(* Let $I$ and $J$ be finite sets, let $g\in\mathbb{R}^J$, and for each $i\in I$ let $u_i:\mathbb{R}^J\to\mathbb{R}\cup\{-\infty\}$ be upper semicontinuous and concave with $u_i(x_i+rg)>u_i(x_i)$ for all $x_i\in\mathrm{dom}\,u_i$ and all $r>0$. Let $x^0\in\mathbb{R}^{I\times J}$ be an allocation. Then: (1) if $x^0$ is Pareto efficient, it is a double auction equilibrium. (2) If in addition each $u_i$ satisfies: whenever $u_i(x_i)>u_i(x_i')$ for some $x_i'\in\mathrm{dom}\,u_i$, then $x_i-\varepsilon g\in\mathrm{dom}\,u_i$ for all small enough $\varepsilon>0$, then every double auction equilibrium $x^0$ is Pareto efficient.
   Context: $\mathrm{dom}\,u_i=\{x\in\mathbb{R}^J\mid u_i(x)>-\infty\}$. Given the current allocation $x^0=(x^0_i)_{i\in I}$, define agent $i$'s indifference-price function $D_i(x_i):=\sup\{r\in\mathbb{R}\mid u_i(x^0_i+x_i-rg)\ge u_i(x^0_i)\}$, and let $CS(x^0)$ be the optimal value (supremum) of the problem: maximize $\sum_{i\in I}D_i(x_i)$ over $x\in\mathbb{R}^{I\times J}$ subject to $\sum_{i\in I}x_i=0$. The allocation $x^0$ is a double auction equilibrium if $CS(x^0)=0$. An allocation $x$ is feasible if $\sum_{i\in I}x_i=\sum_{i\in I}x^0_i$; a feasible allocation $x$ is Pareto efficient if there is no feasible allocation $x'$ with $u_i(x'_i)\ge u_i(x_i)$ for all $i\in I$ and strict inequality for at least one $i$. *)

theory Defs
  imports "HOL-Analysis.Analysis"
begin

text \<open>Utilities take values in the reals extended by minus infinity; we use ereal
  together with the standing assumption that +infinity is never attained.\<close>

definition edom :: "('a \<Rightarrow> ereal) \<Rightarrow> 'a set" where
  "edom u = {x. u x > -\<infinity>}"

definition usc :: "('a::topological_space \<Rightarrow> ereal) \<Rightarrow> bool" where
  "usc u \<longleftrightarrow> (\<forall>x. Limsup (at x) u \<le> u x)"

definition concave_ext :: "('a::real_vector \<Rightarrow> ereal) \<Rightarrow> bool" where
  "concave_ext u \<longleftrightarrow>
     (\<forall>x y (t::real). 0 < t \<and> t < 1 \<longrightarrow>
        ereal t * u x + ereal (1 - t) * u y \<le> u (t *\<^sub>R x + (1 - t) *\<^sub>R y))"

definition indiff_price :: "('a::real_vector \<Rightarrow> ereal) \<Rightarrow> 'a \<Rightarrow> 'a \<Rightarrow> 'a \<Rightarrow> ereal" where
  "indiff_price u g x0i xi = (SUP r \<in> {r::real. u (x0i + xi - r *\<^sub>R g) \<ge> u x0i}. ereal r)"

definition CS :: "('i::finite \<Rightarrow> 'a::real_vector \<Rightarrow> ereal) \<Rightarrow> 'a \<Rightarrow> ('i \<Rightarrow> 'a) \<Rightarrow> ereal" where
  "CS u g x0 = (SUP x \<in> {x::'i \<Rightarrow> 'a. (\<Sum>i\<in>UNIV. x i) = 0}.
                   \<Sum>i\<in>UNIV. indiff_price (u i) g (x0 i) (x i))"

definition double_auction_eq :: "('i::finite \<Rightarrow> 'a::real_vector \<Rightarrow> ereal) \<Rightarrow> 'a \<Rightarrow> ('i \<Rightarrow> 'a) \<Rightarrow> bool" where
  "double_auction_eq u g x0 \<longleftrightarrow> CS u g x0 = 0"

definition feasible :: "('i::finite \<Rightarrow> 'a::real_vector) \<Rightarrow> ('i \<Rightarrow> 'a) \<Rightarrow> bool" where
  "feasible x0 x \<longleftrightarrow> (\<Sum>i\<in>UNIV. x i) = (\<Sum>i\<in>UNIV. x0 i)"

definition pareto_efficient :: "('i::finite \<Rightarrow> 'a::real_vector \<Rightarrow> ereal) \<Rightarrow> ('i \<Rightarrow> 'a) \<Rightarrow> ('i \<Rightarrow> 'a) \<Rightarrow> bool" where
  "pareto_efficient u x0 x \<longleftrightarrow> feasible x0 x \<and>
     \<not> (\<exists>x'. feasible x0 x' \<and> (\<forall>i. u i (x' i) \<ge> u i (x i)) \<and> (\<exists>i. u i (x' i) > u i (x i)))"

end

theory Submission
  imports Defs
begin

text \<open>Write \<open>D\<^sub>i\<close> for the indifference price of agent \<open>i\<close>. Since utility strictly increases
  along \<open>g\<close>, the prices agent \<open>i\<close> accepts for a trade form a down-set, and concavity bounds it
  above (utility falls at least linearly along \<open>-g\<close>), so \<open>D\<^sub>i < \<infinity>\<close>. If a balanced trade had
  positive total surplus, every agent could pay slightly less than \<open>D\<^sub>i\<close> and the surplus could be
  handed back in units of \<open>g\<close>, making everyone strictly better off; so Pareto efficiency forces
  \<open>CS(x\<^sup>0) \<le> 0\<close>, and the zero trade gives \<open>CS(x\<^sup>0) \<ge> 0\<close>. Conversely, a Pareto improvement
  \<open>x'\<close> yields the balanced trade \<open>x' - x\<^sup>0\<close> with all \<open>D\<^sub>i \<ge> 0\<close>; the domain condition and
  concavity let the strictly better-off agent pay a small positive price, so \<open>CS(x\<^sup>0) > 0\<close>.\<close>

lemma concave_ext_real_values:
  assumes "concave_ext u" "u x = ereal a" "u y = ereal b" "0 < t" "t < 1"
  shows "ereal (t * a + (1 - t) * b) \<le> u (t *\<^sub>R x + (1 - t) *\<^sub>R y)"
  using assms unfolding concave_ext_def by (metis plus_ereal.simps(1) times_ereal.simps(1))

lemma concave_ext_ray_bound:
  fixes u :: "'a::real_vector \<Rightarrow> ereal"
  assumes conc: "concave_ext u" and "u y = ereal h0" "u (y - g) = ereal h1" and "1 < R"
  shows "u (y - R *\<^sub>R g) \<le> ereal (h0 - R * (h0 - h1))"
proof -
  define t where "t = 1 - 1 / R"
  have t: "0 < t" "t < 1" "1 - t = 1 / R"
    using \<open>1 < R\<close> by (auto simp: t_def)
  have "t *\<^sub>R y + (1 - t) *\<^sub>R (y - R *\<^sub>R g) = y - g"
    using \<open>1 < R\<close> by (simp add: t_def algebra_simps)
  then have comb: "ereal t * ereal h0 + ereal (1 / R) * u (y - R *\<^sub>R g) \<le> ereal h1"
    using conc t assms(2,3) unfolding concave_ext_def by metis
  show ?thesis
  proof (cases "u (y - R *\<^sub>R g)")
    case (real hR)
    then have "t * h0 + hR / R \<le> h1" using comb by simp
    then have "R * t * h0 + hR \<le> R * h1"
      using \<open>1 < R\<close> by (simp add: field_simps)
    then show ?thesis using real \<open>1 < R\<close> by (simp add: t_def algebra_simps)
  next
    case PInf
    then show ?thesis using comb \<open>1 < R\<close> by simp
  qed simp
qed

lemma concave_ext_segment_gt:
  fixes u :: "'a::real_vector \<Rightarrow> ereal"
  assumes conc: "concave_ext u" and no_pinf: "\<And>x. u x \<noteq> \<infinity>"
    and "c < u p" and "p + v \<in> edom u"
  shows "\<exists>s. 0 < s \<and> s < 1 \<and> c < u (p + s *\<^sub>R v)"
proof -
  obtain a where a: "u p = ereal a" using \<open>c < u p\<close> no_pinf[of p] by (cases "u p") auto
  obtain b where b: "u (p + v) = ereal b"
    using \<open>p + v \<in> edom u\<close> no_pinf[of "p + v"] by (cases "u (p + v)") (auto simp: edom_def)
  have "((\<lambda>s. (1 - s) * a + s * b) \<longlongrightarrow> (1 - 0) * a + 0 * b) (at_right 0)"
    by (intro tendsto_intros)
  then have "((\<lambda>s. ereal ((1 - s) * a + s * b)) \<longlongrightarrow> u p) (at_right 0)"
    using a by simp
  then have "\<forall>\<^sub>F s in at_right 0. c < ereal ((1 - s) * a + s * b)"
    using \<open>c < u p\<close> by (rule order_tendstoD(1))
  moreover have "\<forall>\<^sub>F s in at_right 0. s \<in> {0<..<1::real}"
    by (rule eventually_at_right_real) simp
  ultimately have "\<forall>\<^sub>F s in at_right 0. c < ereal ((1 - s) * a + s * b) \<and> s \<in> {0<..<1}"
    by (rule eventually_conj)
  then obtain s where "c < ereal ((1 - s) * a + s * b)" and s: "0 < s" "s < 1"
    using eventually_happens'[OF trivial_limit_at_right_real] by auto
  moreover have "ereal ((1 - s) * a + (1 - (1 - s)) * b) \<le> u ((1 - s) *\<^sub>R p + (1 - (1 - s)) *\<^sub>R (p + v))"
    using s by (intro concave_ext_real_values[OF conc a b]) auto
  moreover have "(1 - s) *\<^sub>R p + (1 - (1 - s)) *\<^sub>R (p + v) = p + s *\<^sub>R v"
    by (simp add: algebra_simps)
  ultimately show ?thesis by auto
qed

--------

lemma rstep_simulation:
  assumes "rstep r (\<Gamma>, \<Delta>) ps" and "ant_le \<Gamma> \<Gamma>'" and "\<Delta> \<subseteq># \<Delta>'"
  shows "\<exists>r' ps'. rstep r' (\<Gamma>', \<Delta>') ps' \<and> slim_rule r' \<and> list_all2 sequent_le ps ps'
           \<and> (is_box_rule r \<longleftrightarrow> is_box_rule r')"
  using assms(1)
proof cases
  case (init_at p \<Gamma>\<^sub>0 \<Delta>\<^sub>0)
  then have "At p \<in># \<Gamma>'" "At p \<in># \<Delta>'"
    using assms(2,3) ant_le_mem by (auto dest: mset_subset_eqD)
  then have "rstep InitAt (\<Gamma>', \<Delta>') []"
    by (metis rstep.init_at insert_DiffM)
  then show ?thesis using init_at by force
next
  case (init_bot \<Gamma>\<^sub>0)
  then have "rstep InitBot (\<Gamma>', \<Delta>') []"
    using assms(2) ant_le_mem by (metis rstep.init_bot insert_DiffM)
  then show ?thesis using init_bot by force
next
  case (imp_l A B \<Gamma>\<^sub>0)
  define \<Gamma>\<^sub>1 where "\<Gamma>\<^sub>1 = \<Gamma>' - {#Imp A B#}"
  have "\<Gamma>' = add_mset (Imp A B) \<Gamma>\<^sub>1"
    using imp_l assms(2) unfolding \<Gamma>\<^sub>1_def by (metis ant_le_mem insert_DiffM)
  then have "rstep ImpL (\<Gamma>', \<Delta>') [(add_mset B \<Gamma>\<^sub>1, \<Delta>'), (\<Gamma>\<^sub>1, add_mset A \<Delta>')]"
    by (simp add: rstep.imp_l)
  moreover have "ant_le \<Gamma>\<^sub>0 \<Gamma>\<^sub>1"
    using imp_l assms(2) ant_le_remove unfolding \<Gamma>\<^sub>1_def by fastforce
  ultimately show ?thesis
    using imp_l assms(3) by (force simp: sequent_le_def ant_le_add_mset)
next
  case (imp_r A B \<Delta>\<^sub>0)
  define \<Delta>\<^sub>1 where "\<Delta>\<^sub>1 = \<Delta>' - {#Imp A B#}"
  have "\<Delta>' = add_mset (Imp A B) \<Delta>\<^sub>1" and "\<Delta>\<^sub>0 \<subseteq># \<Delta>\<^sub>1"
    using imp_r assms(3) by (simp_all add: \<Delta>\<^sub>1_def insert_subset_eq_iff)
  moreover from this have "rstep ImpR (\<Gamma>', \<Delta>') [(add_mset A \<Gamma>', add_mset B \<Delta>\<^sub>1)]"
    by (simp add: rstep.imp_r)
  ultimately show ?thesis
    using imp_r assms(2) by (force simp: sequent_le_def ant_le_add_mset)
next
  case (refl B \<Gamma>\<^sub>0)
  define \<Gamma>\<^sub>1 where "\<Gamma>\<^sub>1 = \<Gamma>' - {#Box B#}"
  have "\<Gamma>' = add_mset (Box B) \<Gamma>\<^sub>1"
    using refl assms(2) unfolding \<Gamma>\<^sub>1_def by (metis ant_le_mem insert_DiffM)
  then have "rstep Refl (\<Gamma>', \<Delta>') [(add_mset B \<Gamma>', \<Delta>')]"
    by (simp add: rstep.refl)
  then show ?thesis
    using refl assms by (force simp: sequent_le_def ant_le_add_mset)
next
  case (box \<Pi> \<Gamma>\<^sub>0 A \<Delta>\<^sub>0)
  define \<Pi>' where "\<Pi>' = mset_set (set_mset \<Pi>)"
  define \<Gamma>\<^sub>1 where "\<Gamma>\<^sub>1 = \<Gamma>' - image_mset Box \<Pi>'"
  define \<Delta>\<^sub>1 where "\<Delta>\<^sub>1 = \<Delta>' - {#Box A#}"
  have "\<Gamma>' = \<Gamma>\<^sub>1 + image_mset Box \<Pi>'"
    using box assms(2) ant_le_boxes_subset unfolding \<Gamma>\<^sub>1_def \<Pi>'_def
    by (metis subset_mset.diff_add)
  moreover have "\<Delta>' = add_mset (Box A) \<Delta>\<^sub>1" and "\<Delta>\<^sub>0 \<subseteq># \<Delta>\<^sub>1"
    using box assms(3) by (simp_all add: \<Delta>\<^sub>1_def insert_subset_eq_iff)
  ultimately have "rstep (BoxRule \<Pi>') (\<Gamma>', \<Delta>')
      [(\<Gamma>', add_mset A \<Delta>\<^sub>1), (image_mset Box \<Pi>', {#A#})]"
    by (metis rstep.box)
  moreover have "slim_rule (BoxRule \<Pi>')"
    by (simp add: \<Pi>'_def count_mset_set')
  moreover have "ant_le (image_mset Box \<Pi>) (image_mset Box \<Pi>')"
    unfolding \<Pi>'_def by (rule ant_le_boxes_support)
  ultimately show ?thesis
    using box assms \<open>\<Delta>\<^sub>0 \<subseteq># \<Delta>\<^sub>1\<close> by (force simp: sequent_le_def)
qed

--------

* _EXERCISE GOAL_:
Look over the entries above. Copy every line that contains the word "along".

* _EXERCISE ANSWER_:
  along \<open>g\<close>, the prices agent \<open>i\<close> accepts for a trade form a down-set, and concavity bounds it
  above (utility falls at least linearly along \<open>-g\<close>), so \<open>D\<^sub>i < \<infinity>\<close>. If a balanced trade had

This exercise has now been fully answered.